[Material provided — start]

lemma adj2_apply:
  "bounded_bilinear m \<Longrightarrow> blinfun_apply (adj2 m y'' z') x = blinfun_apply y'' (adj1 m z' x)"
  by (simp add: adj2_eq_adj1_adj1 adj1_apply adj1_bounded_bilinear)

lemma adj3_apply:
  "bounded_bilinear m \<Longrightarrow> blinfun_apply (adj3 m x'' y'') z' = blinfun_apply x'' (adj2 m y'' z')"
  by (simp add: adj3_eq_adj1_adj2 adj1_apply adj2_bounded_bilinear)

lemma directed_finite_upper_bound:
  assumes dir: "directed_preorder le" and "finite I"
  shows "\<exists>k. \<forall>i\<in>I. le i k"
  using \<open>finite I\<close>
proof (induction I rule: finite_induct)
  case (insert j I)
  then obtain k where "\<forall>i\<in>I. le i k" by blast
  moreover obtain k' where "le j k'" "le k k'"
    using dir unfolding directed_preorder_def by blast
  ultimately show ?case using dir unfolding directed_preorder_def by blast
qed simp

lemma net_tendsto_bounded_linear:
  assumes f: "bounded_linear f" and x: "net_tendsto le x l"
  shows "net_tendsto le (\<lambda>i. f (x i)) (f l)"
  unfolding net_tendsto_def
proof (intro allI impI)
  fix \<epsilon> :: real assume "\<epsilon> > 0"
  obtain K where K: "K > 0" "\<And>y. norm (f y) \<le> norm y * K"
    using bounded_linear.pos_bounded[OF f] by blast
  obtain i0 where i0: "\<And>i. le i0 i \<Longrightarrow> dist (x i) l < \<epsilon> / K"
    using x \<open>\<epsilon> > 0\<close> K(1) unfolding net_tendsto_def by (meson divide_pos_pos)
  have "dist (f (x i)) (f l) < \<epsilon>" if "le i0 i" for i
  proof -
    have "dist (f (x i)) (f l) \<le> dist (x i) l * K"
      using K(2)[of "x i - l"] by (simp add: dist_norm linear_diff[OF bounded_linear.linear[OF f]])
    also have "\<dots> < \<epsilon>" using i0[OF that] K(1) by (simp add: pos_less_divide_eq)
    finally show ?thesis .
  qed
  then show "\<exists>i0. \<forall>i. le i0 i \<longrightarrow> dist (f (x i)) (f l) < \<epsilon>" by blast
qed

(* The closures
   of the tails have the finite intersection property by directedness. *)
lemma compact_space_net_cluster_point:
  assumes T: "compact_space T" and dir: "directed_preorder le"
    and cofinal: "\<forall>i0. \<exists>i. le i0 i \<and> P i" and x: "\<forall>i. x i \<in> topspace T"
  obtains c where "c \<in> topspace T"
    "\<And>i0 U. openin T U \<Longrightarrow> c \<in> U \<Longrightarrow> \<exists>i. le i0 i \<and> P i \<and> x i \<in> U"
proof -
  define tail where "tail i0 = T closure_of (x ` {i. le i0 i \<and> P i})" for i0
  have "\<Inter>\<F> \<noteq> {}" if fin: "finite \<F>" "\<F> \<subseteq> range tail" for \<F>
  proof -
    obtain I where I: "finite I" "\<F> = tail ` I"
      using fin by (meson finite_subset_image)
    obtain k where k: "\<forall>i\<in>I. le i k"
      using directed_finite_upper_bound[OF dir I(1)] by blast
    obtain j where j: "le k j" "P j" using cofinal by blast
    have "x j \<in> tail i0" if "i0 \<in> I" for i0
    proof -
      have "le i0 j" using k that j dir unfolding directed_preorder_def by blast
      then show ?thesis
        using j x closure_of_subset[of "x ` {i. le i0 i \<and> P i}" T]
        unfolding tail_def by blast
    qed
    then show ?thesis using I by blast
  qed
  then have "\<Inter>(range tail) \<noteq> {}"
    using compact_space_fip[THEN iffD1, OF T] by (auto simp: tail_def)
  then obtain c where c: "\<And>i0. c \<in> tail i0" by blast
  show thesis
  proof
    show "c \<in> topspace T"
      using c[of undefined] unfolding tail_def by (meson closure_of_subset_topspace subsetD)
    fix i0 U assume "openin T U" "c \<in> U"
    then show "\<exists>i. le i0 i \<and> P i \<and> x i \<in> U"
      using c[of i0] unfolding tail_def in_closure_of by blast
  qed
qed

lemma zero_if_arbitrarily_small:
  fixes x :: real
  assumes "\<And>d. d > 0 \<Longrightarrow> \<bar>x\<bar> < d"
  shows "x = 0"
  using assms[of "\<bar>x\<bar>"] by fastforce

definition weak_cluster_point ::
  "('i \<Rightarrow> 'i \<Rightarrow> bool) \<Rightarrow> ('i \<Rightarrow> bool) \<Rightarrow> ('i \<Rightarrow> 'a::real_normed_vector)
     \<Rightarrow> (('a \<Rightarrow>\<^sub>L real) \<Rightarrow> real) \<Rightarrow> bool" where
  "weak_cluster_point le P e E \<longleftrightarrow>
     (\<forall>i0 F \<delta>. finite F \<and> \<delta> > 0 \<longrightarrow>
        (\<exists>i. le i0 i \<and> P i \<and> (\<forall>\<phi>\<in>F. \<bar>blinfun_apply \<phi> (e i) - E \<phi>\<bar> < \<delta>)))"

lemma weak_cluster_pointD:
  assumes "weak_cluster_point le P e E" "finite F" "\<delta> > 0"
  shows "\<exists>i. le i0 i \<and> P i \<and> (\<forall>\<phi>\<in>F. \<bar>blinfun_apply \<phi> (e i) - E \<phi>\<bar> < \<delta>)"
  using assms unfolding weak_cluster_point_def by blast

lemma weak_cluster_point_add:
  assumes E: "weak_cluster_point le P e E"
  shows "E (\<phi> + \<psi>) = E \<phi> + E \<psi>"
proof -
  have "E (\<phi> + \<psi>) - (E \<phi> + E \<psi>) = 0"
  proof (rule zero_if_arbitrarily_small)
    fix d :: real assume "d > 0"
    then obtain i where "\<forall>\<theta>\<in>{\<phi>, \<psi>, \<phi> + \<psi>}. \<bar>blinfun_apply \<theta> (e i) - E \<theta>\<bar> < d / 3"
      using weak_cluster_pointD[OF E, of "{\<phi>, \<psi>, \<phi> + \<psi>}" "d / 3"] by auto
    then have "\<bar>blinfun_apply \<phi> (e i) - E \<phi>\<bar> < d / 3" "\<bar>blinfun_apply \<psi> (e i) - E \<psi>\<bar> < d / 3"
      "\<bar>blinfun_apply \<phi> (e i) + blinfun_apply \<psi> (e i) - E (\<phi> + \<psi>)\<bar> < d / 3"
      by (auto simp: blinfun.add_left)
    then show "\<bar>E (\<phi> + \<psi>) - (E \<phi> + E \<psi>)\<bar> < d"
      by linarith
  qed
  then show ?thesis by simp
qed

lemma weak_cluster_point_scaleR:
  assumes E: "weak_cluster_point le P e E"
  shows "E (r *\<^sub>R \<phi>) = r * E \<phi>"
proof -
  have "E (r *\<^sub>R \<phi>) - r * E \<phi> = 0"
  proof (rule zero_if_arbitrarily_small)
    fix d :: real assume "d > 0"
    have nonzero: "1 + \<bar>r\<bar> \<noteq> 0" by (simp add: add_pos_nonneg)
    define \<delta> where "\<delta> = d / (1 + \<bar>r\<bar>)"
    have "\<delta> > 0" using \<open>d > 0\<close> by (simp add: \<delta>_def add_pos_nonneg)
    then obtain i where "\<forall>\<theta>\<in>{\<phi>, r *\<^sub>R \<phi>}. \<bar>blinfun_apply \<theta> (e i) - E \<theta>\<bar> < \<delta>"
      using weak_cluster_pointD[OF E, of "{\<phi>, r *\<^sub>R \<phi>}" \<delta>] by auto
    then have i: "\<bar>r * blinfun_apply \<phi> (e i) - E (r *\<^sub>R \<phi>)\<bar> < \<delta>"
        "\<bar>blinfun_apply \<phi> (e i) - E \<phi>\<bar> < \<delta>"
      by (auto simp: blinfun.scaleR_left)
    have "\<bar>r * blinfun_apply \<phi> (e i) - r * E \<phi>\<bar> \<le> \<bar>r\<bar> * \<delta>"
      using i(2) by (simp add: right_diff_distrib[symmetric] abs_mult mult_left_mono)
    moreover have "\<delta> + \<bar>r\<bar> * \<delta> = d"
    proof -
      have "\<delta> + \<bar>r\<bar> * \<delta> = (1 + \<bar>r\<bar>) * \<delta>" by (simp add: algebra_simps)
      also have "\<dots> = d" unfolding \<delta>_def using nonzero by simp
      finally show ?thesis .
    qed
    ultimately show "\<bar>E (r *\<^sub>R \<phi>) - r * E \<phi>\<bar> < d"
      using i(1) by linarith
  qed
  then show ?thesis by simp
qed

[Material provided — finish]

What needs to be done: In the material above, which lines contain "case"? Copy each of them.

Answer area:
  case (insert j I)
  ultimately show ?case using dir unfolding directed_preorder_def by blast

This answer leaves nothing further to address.